(* In $TTR$, if $A$ is an arrow type and $A\subseteq B$, then $B$ is an arrow type.
   Context: $TTR$ types: over a second-order language with first-order variables, function symbols, $n$-ary predicate variables and symbols, and a fixed system $\mathbf E$ of equations; atomic $\perp$ and $X(t_1,\dots,t_n)$; constructors $\to$, $\forall x$, $\forall X$, and $\mu Cx_1\dots x_nA\langle t_1,\dots,t_n\rangle$ for $C$ an $n$-ary predicate symbol occurring and positive in $A$. Subtyping $\subseteq$ is the least relation closed under: $A\subseteq A$; from $A\subseteq A'$, $B\subseteq B'$ infer $A'\to B\subseteq A\to B'$; from $A[G/v]\subseteq B$ infer $\forall vA\subseteq B$ ($G$ a term or formula as appropriate); from $A\subseteq B$ infer $A\subseteq\forall vB$ if $v$ not free in $A$; from $A\subseteq B[v/y]$ infer $A\subseteq B[w/y]$ if $v=w$ is an instance of an equation of $\mathbf E$; transitivity; $D[\mu C\bar xD\langle\bar z\rangle/C(\bar z)][\bar t/\bar x]\subseteq\mu C\bar xD\langle\bar t\rangle$ and its converse; from $D[E/C(\bar x)]\subseteq E$ infer $\mu C\bar xD\langle\bar t\rangle\subseteq E[\bar t/\bar x]$. An arrow type is a type containing at least one arrow $\to$. *)

theory Defs
  imports Main
begin

text \<open>Syntax of TTR types, with de Bruijn indices for bound (and free) first-order
variables and for predicate variables.  Predicate binders are \<forall>X and the \<mu>-binder
(which binds the predicate symbol C); both use the same index space.
Free predicate symbols (constants) are named.\<close>

datatype trm = Var nat | Fn nat "trm list"

datatype ty =
    Bot
  | PVar nat "trm list"
  | PSym nat "trm list"
  | Arr ty ty
  | AllT ty
  | AllP ty
  | Mu nat ty "trm list"       \<comment> \<open>Mu n D ts = \<mu> C x1..xn D <t1..tn>; in D, C is predicate
                                    index 0 and x1..xn are first-order indices 0..n-1\<close>

fun tsubst :: "(nat \<Rightarrow> trm) \<Rightarrow> trm \<Rightarrow> trm" where
  "tsubst \<sigma> (Var i) = \<sigma> i"
| "tsubst \<sigma> (Fn f ts) = Fn f (map (tsubst \<sigma>) ts)"

definition liftn :: "nat \<Rightarrow> (nat \<Rightarrow> trm) \<Rightarrow> nat \<Rightarrow> trm" where
  "liftn n \<sigma> = (\<lambda>i. if i < n then Var i else tsubst (\<lambda>j. Var (j + n)) (\<sigma> (i - n)))"

primrec fsubst :: "(nat \<Rightarrow> trm) \<Rightarrow> ty \<Rightarrow> ty" where
  "fsubst \<sigma> Bot = Bot"
| "fsubst \<sigma> (PVar X ts) = PVar X (map (tsubst \<sigma>) ts)"
| "fsubst \<sigma> (PSym c ts) = PSym c (map (tsubst \<sigma>) ts)"
| "fsubst \<sigma> (Arr A B) = Arr (fsubst \<sigma> A) (fsubst \<sigma> B)"
| "fsubst \<sigma> (AllT A) = AllT (fsubst (liftn 1 \<sigma>) A)"
| "fsubst \<sigma> (AllP A) = AllP (fsubst \<sigma> A)"
| "fsubst \<sigma> (Mu n D ts) = Mu n (fsubst (liftn n \<sigma>) D) (map (tsubst \<sigma>) ts)"

definition plift :: "(nat \<Rightarrow> nat) \<Rightarrow> nat \<Rightarrow> nat" where
  "plift f = (\<lambda>i. case i of 0 \<Rightarrow> 0 | Suc j \<Rightarrow> Suc (f j))"

primrec prename :: "(nat \<Rightarrow> nat) \<Rightarrow> ty \<Rightarrow> ty" where
  "prename f Bot = Bot"
| "prename f (PVar X ts) = PVar (f X) ts"
| "prename f (PSym c ts) = PSym c ts"
| "prename f (Arr A B) = Arr (prename f A) (prename f B)"
| "prename f (AllT A) = AllT (prename f A)"
| "prename f (AllP A) = AllP (prename (plift f) A)"
| "prename f (Mu n D ts) = Mu n (prename (plift f) D) ts"

text \<open>Substitution of abstractions for predicate variables.
  \<rho> X = Inl j : the variable X is renamed to j;
  \<rho> X = Inr G : X is replaced by the abstraction \<lambda>y1..ym. G, where in G the
  first-order indices 0..m-1 are the parameters y1..ym (m the arity of the
  occurrence) and indices \<ge> m refer to the surrounding context.
  k = number of first-order binders passed, d = number of predicate binders passed.\<close>

primrec psubst :: "(nat \<Rightarrow> nat + ty) \<Rightarrow> nat \<Rightarrow> nat \<Rightarrow> ty \<Rightarrow> ty" where
  "psubst \<rho> k d Bot = Bot"
| "psubst \<rho> k d (PVar X ts) =
     (if X < d then PVar X ts
      else (case \<rho> (X - d) of
              Inl j \<Rightarrow> PVar (j + d) ts
            | Inr G \<Rightarrow> fsubst (\<lambda>j. if j < length ts then ts ! j else Var (j - length ts + k))
                               (prename (\<lambda>i. i + d) G)))"
| "psubst \<rho> k d (PSym c ts) = PSym c ts"
| "psubst \<rho> k d (Arr A B) = Arr (psubst \<rho> k d A) (psubst \<rho> k d B)"
| "psubst \<rho> k d (AllT A) = AllT (psubst \<rho> (Suc k) d A)"
| "psubst \<rho> k d (AllP A) = AllP (psubst \<rho> k (Suc d) A)"
| "psubst \<rho> k d (Mu n D ts) = Mu n (psubst \<rho> (k + n) (Suc d) D) ts"

definition inst_t :: "trm \<Rightarrow> ty \<Rightarrow> ty" where
  "inst_t t A = fsubst (\<lambda>j. case j of 0 \<Rightarrow> t | Suc i \<Rightarrow> Var i) A"

definition inst_p :: "ty \<Rightarrow> ty \<Rightarrow> ty" where
  "inst_p G A = psubst (\<lambda>i. case i of 0 \<Rightarrow> Inr G | Suc j \<Rightarrow> Inl j) 0 0 A"

definition inst_args :: "trm list \<Rightarrow> ty \<Rightarrow> ty" where
  "inst_args ts E = fsubst (\<lambda>j. if j < length ts then ts ! j else Var (j - length ts)) E"

definition subst_free :: "nat \<Rightarrow> trm \<Rightarrow> ty \<Rightarrow> ty" where
  "subst_free y v B = fsubst ((\<lambda>j. Var j)(y := v)) B"

text \<open>Unfolding D[\<mu>C x D<z>/C(z)] (before instantiating x by t), and D[E/C(x)].\<close>

definition mu_unfold :: "nat \<Rightarrow> ty \<Rightarrow> ty" where
  "mu_unfold n D = psubst (\<lambda>i. case i of
        0 \<Rightarrow> Inr (Mu n (fsubst (\<lambda>j. if j < n then Var j else Var (j + 2 * n)) D) (map Var [0..<n]))
      | Suc j \<Rightarrow> Inl j) 0 0 D"

definition mu_repl :: "nat \<Rightarrow> ty \<Rightarrow> ty \<Rightarrow> ty" where
  "mu_repl n D E = psubst (\<lambda>i. case i of
        0 \<Rightarrow> Inr (fsubst (\<lambda>j. if j < n then Var j else Var (j + n)) E)
      | Suc j \<Rightarrow> Inl j) 0 0 D"

primrec poccurs :: "nat \<Rightarrow> ty \<Rightarrow> bool" where
  "poccurs i Bot = False"
| "poccurs i (PVar X ts) = (X = i)"
| "poccurs i (PSym c ts) = False"
| "poccurs i (Arr A B) = (poccurs i A \<or> poccurs i B)"
| "poccurs i (AllT A) = poccurs i A"
| "poccurs i (AllP A) = poccurs (Suc i) A"
| "poccurs i (Mu n D ts) = poccurs (Suc i) D"

fun positive :: "nat \<Rightarrow> ty \<Rightarrow> bool" and negative :: "nat \<Rightarrow> ty \<Rightarrow> bool" where
  "positive i Bot = True"
| "positive i (PVar X ts) = True"
| "positive i (PSym c ts) = True"
| "positive i (Arr A B) = (negative i A \<and> positive i B)"
| "positive i (AllT A) = positive i A"
| "positive i (AllP A) = positive (Suc i) A"
| "positive i (Mu n D ts) = positive (Suc i) D"
| "negative i Bot = True"
| "negative i (PVar X ts) = (X \<noteq> i)"
| "negative i (PSym c ts) = True"
| "negative i (Arr A B) = (positive i A \<and> negative i B)"
| "negative i (AllT A) = negative i A"
| "negative i (AllP A) = negative (Suc i) A"
| "negative i (Mu n D ts) = negative (Suc i) D"

primrec wf_ty :: "ty \<Rightarrow> bool" where
  "wf_ty Bot = True"
| "wf_ty (PVar X ts) = True"
| "wf_ty (PSym c ts) = True"
| "wf_ty (Arr A B) = (wf_ty A \<and> wf_ty B)"
| "wf_ty (AllT A) = wf_ty A"
| "wf_ty (AllP A) = wf_ty A"
| "wf_ty (Mu n D ts) = (length ts = n \<and> poccurs 0 D \<and> positive 0 D \<and> wf_ty D)"

definition eq_instance :: "(trm \<times> trm) set \<Rightarrow> trm \<Rightarrow> trm \<Rightarrow> bool" where
  "eq_instance Eq v w \<longleftrightarrow> (\<exists>l r \<sigma>. (l, r) \<in> Eq \<and> v = tsubst \<sigma> l \<and> w = tsubst \<sigma> r)"

inductive subtype :: "(trm \<times> trm) set \<Rightarrow> ty \<Rightarrow> ty \<Rightarrow> bool" for Eq where
  refl: "wf_ty A \<Longrightarrow> subtype Eq A A"
| arr: "subtype Eq A A' \<Longrightarrow> subtype Eq B B' \<Longrightarrow> subtype Eq (Arr A' B) (Arr A B')"
| allT_l: "wf_ty (AllT A) \<Longrightarrow> subtype Eq (inst_t t A) B \<Longrightarrow> subtype Eq (AllT A) B"
| allP_l: "wf_ty (AllP A) \<Longrightarrow> wf_ty G \<Longrightarrow> subtype Eq (inst_p G A) B \<Longrightarrow> subtype Eq (AllP A) B"
| allT_r: "wf_ty A \<Longrightarrow> wf_ty B \<Longrightarrow> subtype Eq (fsubst (\<lambda>j. Var (Suc j)) A) B \<Longrightarrow> subtype Eq A (AllT B)"
| allP_r: "wf_ty A \<Longrightarrow> wf_ty B \<Longrightarrow> subtype Eq (prename Suc A) B \<Longrightarrow> subtype Eq A (AllP B)"
| eqn: "wf_ty B \<Longrightarrow> eq_instance Eq v w \<Longrightarrow> subtype Eq A (subst_free y v B) \<Longrightarrow>
          subtype Eq A (subst_free y w B)"
| trans: "subtype Eq A B \<Longrightarrow> subtype Eq B C \<Longrightarrow> subtype Eq A C"
| fold: "wf_ty (Mu n D ts) \<Longrightarrow> subtype Eq (inst_args ts (mu_unfold n D)) (Mu n D ts)"
| unfold: "wf_ty (Mu n D ts) \<Longrightarrow> subtype Eq (Mu n D ts) (inst_args ts (mu_unfold n D))"
| ind: "wf_ty (Mu n D ts) \<Longrightarrow> wf_ty E \<Longrightarrow> subtype Eq (mu_repl n D E) E \<Longrightarrow>
          subtype Eq (Mu n D ts) (inst_args ts E)"

primrec arrow_type :: "ty \<Rightarrow> bool" where
  "arrow_type Bot = False"
| "arrow_type (PVar X ts) = False"
| "arrow_type (PSym c ts) = False"
| "arrow_type (Arr A B) = True"
| "arrow_type (AllT A) = arrow_type A"
| "arrow_type (AllP A) = arrow_type A"
| "arrow_type (Mu n D ts) = arrow_type D"

end

theory Submission
  imports Defs
begin

text \<open>Every subtyping rule relates the two sides by substitutions, and substitution
never destroys an arrow.  Arrows can be created only by substituting an arrow type,
which happens in the fold rule: there the substituted abstraction is the \<mu>-type itself,
whose body already contains the arrow, so the conclusion is again an arrow type.\<close>

lemma arrow_type_fsubst [simp]: "arrow_type (fsubst \<sigma> A) = arrow_type A"
  by (induction A arbitrary: \<sigma>) auto

lemma arrow_type_prename [simp]: "arrow_type (prename f A) = arrow_type A"
  by (induction A arbitrary: f) auto

lemma arrow_type_psubst: "arrow_type A \<Longrightarrow> arrow_type (psubst \<rho> k d A)"
  by (induction A arbitrary: k d) auto

lemma arrow_type_psubstD:
  "arrow_type (psubst \<rho> k d A) \<Longrightarrow> arrow_type A \<or> (\<exists>i G. \<rho> i = Inr G \<and> arrow_type G)"
  by (induction A arbitrary: k d) (auto split: if_splits sum.splits)

lemma arrow_type_inst_t [simp]: "arrow_type (inst_t t A) = arrow_type A"
  by (simp add: inst_t_def)

lemma arrow_type_inst_args [simp]: "arrow_type (inst_args ts A) = arrow_type A"
  by (simp add: inst_args_def)

lemma arrow_type_subst_free [simp]: "arrow_type (subst_free y v A) = arrow_type A"
  by (simp add: subst_free_def)

lemma arrow_type_inst_p: "arrow_type A \<Longrightarrow> arrow_type (inst_p G A)"
  by (simp add: inst_p_def arrow_type_psubst)

lemma arrow_type_mu_unfold [simp]: "arrow_type (mu_unfold n D) = arrow_type D"
proof
  assume "arrow_type (mu_unfold n D)"
  then show "arrow_type D"
    unfolding mu_unfold_def by (auto dest!: arrow_type_psubstD split: nat.splits)
qed (simp add: mu_unfold_def arrow_type_psubst)

lemma arrow_type_mu_repl: "arrow_type D \<Longrightarrow> arrow_type (mu_repl n D E)"
  by (simp add: mu_repl_def arrow_type_psubst)

theorem lemma4p5:
  fixes Eq :: "(trm \<times> trm) set" and A B :: ty
  assumes "subtype Eq A B" and "arrow_type A"
  shows "arrow_type B"
  using assms
proof (induction rule: subtype.induct)
  case (allP_l A G B)
  then show ?case by (simp add: arrow_type_inst_p)
next
  case (ind n D ts E)
  then show ?case by (simp add: arrow_type_mu_repl)
qed auto

end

| What needs to be done |
Lines holding the string "which" are the answer; copy each one from the listing above.

| Result for this exercise |
(which binds the predicate symbol C); both use the same index space.
which happens in the fold rule: there the substituted abstraction is the \<mu>-type itself,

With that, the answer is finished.